** Work item **
Write out again the entries from the first line to the line that includes "m) * \<bar>Re", keeping both of those lines.
Record set START
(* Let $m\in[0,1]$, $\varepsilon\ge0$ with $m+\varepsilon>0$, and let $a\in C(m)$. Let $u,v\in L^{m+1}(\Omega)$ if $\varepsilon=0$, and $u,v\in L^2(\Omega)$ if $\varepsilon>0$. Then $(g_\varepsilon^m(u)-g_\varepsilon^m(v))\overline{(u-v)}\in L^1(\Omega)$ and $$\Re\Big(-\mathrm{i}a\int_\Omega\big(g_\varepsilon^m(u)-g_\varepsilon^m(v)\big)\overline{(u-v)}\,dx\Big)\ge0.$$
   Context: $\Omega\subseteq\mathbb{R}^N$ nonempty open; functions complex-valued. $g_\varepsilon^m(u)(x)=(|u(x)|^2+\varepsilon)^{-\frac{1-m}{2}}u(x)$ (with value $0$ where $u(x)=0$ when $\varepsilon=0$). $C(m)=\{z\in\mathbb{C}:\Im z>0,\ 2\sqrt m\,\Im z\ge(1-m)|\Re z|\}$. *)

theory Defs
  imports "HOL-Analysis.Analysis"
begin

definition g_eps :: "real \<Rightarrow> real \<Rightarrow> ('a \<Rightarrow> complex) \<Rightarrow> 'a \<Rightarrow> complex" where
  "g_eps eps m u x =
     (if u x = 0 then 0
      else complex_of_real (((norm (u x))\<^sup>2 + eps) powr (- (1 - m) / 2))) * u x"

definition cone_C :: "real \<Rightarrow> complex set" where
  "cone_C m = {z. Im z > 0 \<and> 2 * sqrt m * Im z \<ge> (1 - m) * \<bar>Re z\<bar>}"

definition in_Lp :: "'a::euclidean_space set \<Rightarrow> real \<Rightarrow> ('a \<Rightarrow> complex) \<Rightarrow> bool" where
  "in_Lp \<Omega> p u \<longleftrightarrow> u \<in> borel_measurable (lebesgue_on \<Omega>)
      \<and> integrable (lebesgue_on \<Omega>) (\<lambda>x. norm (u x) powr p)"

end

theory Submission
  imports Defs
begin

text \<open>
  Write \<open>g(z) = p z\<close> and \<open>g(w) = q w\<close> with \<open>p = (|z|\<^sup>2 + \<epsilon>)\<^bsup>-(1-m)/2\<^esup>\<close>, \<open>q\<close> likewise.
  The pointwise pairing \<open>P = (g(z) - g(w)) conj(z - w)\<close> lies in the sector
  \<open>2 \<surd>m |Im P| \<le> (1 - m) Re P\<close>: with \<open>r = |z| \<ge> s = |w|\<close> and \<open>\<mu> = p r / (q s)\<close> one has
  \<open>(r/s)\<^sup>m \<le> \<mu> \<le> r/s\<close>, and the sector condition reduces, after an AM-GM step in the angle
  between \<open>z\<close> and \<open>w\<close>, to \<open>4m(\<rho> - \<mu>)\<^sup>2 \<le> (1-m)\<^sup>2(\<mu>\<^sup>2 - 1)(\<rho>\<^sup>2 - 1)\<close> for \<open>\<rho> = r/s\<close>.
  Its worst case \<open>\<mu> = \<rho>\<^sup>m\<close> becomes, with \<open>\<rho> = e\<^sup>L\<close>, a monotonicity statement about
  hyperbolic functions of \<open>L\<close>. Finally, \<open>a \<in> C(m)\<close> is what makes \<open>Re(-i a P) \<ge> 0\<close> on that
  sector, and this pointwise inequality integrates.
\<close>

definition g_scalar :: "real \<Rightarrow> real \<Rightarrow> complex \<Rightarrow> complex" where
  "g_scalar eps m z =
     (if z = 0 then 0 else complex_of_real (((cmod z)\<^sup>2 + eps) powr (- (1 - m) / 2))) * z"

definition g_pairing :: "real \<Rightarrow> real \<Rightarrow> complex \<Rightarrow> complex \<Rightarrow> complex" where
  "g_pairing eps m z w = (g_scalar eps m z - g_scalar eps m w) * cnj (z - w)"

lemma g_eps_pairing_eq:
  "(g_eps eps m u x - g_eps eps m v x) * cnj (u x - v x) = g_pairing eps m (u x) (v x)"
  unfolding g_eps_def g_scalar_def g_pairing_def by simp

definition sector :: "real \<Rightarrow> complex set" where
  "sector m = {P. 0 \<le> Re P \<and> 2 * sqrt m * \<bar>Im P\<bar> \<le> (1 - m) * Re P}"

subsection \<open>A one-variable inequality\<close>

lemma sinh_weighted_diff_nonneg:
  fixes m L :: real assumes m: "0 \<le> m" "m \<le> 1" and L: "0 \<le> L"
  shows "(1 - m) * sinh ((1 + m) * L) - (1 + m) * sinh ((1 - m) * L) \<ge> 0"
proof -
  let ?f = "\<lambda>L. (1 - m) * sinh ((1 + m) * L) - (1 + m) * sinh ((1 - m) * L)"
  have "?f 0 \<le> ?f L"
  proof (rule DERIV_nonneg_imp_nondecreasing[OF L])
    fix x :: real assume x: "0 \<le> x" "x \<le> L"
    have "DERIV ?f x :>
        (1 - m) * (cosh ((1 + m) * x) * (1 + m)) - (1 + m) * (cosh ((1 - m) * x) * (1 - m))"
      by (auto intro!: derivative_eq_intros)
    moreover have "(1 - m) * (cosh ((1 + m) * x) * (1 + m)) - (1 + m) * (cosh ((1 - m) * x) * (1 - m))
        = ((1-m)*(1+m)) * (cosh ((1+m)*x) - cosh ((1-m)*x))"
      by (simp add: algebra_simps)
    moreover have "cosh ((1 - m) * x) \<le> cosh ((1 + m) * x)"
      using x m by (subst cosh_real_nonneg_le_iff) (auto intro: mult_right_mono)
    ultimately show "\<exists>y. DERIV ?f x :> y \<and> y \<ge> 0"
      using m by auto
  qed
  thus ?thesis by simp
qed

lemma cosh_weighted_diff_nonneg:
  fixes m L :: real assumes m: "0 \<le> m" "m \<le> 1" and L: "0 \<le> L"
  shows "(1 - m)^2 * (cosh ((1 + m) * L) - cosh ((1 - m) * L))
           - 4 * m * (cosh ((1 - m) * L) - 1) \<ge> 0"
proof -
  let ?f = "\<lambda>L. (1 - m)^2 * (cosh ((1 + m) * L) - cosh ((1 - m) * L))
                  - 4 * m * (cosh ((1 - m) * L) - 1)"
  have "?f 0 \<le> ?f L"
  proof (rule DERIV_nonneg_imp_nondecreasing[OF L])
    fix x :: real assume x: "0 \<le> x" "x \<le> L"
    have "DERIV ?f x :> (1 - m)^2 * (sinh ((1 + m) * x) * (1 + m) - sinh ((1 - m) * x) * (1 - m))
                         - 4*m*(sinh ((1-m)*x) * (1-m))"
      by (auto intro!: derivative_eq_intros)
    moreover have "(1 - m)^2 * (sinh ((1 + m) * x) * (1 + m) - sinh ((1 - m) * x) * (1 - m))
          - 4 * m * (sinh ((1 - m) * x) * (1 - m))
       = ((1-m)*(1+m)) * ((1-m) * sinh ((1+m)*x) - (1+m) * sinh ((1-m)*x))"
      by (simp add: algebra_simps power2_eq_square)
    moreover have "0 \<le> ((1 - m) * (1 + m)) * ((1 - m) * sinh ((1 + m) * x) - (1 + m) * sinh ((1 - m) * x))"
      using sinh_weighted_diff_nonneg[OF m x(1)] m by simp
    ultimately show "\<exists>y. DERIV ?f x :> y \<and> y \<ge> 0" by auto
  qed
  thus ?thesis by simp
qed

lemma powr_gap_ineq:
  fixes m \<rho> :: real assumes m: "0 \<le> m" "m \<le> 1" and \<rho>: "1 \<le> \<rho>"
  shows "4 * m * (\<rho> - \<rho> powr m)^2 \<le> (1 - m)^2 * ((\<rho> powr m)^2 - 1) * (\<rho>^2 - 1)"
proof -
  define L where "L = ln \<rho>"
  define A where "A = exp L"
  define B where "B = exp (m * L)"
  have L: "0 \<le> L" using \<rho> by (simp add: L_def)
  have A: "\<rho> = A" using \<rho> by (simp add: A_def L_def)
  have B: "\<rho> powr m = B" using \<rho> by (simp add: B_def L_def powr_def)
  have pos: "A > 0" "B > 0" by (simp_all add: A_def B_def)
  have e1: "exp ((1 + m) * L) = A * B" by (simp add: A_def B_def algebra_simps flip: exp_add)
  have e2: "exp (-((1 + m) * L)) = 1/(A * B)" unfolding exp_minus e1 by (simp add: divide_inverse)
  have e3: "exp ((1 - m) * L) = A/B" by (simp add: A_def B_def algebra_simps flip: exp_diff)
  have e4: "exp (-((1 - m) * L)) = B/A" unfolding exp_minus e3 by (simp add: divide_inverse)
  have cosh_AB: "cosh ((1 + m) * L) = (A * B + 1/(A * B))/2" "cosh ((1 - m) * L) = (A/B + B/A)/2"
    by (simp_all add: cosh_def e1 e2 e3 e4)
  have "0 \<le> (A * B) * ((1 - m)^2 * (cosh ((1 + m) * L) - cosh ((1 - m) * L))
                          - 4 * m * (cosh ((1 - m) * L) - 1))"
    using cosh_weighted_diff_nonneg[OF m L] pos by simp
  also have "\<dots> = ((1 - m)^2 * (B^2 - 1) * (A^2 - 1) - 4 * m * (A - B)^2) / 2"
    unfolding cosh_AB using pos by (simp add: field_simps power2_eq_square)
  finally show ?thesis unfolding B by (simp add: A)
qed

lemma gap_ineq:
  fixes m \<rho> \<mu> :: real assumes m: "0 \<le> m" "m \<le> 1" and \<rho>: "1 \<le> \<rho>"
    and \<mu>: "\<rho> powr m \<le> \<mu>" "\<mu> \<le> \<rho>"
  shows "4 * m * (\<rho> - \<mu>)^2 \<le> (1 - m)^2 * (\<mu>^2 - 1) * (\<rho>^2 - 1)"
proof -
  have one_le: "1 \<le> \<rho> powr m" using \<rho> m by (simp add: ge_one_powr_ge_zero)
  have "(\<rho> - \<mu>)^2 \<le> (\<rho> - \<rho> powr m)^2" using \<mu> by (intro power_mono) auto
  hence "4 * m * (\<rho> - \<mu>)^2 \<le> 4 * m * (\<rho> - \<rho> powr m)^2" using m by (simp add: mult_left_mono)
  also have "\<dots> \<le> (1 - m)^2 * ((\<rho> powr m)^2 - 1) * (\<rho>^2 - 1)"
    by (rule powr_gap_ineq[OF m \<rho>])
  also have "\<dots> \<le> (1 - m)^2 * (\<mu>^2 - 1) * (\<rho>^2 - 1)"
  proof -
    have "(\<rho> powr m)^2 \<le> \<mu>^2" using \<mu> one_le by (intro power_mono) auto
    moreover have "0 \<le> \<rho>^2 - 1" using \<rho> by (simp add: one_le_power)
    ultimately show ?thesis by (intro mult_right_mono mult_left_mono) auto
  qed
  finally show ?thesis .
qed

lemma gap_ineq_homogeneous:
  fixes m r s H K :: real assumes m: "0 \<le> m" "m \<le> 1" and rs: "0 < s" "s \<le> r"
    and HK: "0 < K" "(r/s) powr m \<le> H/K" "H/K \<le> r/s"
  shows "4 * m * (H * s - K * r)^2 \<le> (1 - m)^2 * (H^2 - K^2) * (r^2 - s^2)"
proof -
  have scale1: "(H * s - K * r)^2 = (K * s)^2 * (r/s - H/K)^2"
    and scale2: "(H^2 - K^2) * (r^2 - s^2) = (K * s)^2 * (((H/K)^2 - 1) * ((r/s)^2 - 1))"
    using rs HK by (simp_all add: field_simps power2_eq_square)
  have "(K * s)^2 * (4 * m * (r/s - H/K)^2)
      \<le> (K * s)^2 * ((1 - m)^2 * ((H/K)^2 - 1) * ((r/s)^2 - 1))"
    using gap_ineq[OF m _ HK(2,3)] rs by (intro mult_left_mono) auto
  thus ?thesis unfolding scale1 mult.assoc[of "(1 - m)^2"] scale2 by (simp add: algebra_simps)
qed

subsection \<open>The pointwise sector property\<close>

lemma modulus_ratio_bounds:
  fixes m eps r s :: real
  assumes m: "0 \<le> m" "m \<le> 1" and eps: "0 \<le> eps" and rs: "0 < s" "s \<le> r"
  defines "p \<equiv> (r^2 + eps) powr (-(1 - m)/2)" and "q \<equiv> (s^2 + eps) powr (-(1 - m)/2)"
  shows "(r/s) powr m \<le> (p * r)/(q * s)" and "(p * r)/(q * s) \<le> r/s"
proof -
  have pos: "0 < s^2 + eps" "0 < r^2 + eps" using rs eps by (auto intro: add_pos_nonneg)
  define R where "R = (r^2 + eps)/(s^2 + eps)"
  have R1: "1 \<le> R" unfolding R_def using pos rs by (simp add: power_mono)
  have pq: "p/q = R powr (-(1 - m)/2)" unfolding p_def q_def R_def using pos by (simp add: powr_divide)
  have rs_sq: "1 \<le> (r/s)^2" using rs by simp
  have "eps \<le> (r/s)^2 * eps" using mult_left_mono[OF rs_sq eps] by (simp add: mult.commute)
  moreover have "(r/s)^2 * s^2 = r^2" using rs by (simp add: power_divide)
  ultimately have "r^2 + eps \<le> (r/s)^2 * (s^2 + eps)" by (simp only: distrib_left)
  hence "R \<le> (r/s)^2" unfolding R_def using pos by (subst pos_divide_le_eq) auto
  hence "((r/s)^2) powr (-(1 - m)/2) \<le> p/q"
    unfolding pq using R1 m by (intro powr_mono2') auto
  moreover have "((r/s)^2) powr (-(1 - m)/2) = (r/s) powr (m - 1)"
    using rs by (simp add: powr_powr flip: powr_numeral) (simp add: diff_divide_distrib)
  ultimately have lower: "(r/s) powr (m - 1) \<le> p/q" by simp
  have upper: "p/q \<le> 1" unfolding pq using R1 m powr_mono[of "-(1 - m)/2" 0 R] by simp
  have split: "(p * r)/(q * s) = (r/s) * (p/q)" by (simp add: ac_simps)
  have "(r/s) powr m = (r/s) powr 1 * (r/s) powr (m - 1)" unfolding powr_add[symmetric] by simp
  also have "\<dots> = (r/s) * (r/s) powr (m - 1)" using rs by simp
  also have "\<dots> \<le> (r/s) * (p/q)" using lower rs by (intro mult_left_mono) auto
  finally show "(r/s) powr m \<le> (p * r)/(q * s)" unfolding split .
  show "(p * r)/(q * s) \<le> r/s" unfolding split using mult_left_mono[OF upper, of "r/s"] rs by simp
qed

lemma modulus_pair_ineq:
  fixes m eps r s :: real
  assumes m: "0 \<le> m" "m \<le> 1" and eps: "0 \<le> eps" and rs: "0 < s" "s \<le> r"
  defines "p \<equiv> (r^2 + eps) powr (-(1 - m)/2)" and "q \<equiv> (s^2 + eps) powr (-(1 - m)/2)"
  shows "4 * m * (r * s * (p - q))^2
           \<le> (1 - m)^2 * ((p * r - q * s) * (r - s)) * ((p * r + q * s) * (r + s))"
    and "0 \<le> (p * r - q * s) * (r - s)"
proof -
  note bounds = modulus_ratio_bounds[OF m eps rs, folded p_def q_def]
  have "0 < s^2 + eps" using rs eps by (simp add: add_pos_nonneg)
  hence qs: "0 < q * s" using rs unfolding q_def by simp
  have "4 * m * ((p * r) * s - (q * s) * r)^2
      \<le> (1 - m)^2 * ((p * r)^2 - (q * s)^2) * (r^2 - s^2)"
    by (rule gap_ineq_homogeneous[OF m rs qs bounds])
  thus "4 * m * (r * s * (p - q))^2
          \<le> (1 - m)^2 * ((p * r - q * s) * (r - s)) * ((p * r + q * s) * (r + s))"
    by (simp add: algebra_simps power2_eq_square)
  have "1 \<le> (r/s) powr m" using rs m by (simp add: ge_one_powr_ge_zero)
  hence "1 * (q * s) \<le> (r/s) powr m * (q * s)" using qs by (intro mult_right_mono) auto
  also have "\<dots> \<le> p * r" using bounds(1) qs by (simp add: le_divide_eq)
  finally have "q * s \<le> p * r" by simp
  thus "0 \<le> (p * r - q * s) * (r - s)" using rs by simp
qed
Record set END
** Response to this task **
(* Let $m\in[0,1]$, $\varepsilon\ge0$ with $m+\varepsilon>0$, and let $a\in C(m)$. Let $u,v\in L^{m+1}(\Omega)$ if $\varepsilon=0$, and $u,v\in L^2(\Omega)$ if $\varepsilon>0$. Then $(g_\varepsilon^m(u)-g_\varepsilon^m(v))\overline{(u-v)}\in L^1(\Omega)$ and $$\Re\Big(-\mathrm{i}a\int_\Omega\big(g_\varepsilon^m(u)-g_\varepsilon^m(v)\big)\overline{(u-v)}\,dx\Big)\ge0.$$
   Context: $\Omega\subseteq\mathbb{R}^N$ nonempty open; functions complex-valued. $g_\varepsilon^m(u)(x)=(|u(x)|^2+\varepsilon)^{-\frac{1-m}{2}}u(x)$ (with value $0$ where $u(x)=0$ when $\varepsilon=0$). $C(m)=\{z\in\mathbb{C}:\Im z>0,\ 2\sqrt m\,\Im z\ge(1-m)|\Re z|\}$. *)

theory Defs
  imports "HOL-Analysis.Analysis"
begin

definition g_eps :: "real \<Rightarrow> real \<Rightarrow> ('a \<Rightarrow> complex) \<Rightarrow> 'a \<Rightarrow> complex" where
  "g_eps eps m u x =
     (if u x = 0 then 0
      else complex_of_real (((norm (u x))\<^sup>2 + eps) powr (- (1 - m) / 2))) * u x"

definition cone_C :: "real \<Rightarrow> complex set" where
  "cone_C m = {z. Im z > 0 \<and> 2 * sqrt m * Im z \<ge> (1 - m) * \<bar>Re z\<bar>}"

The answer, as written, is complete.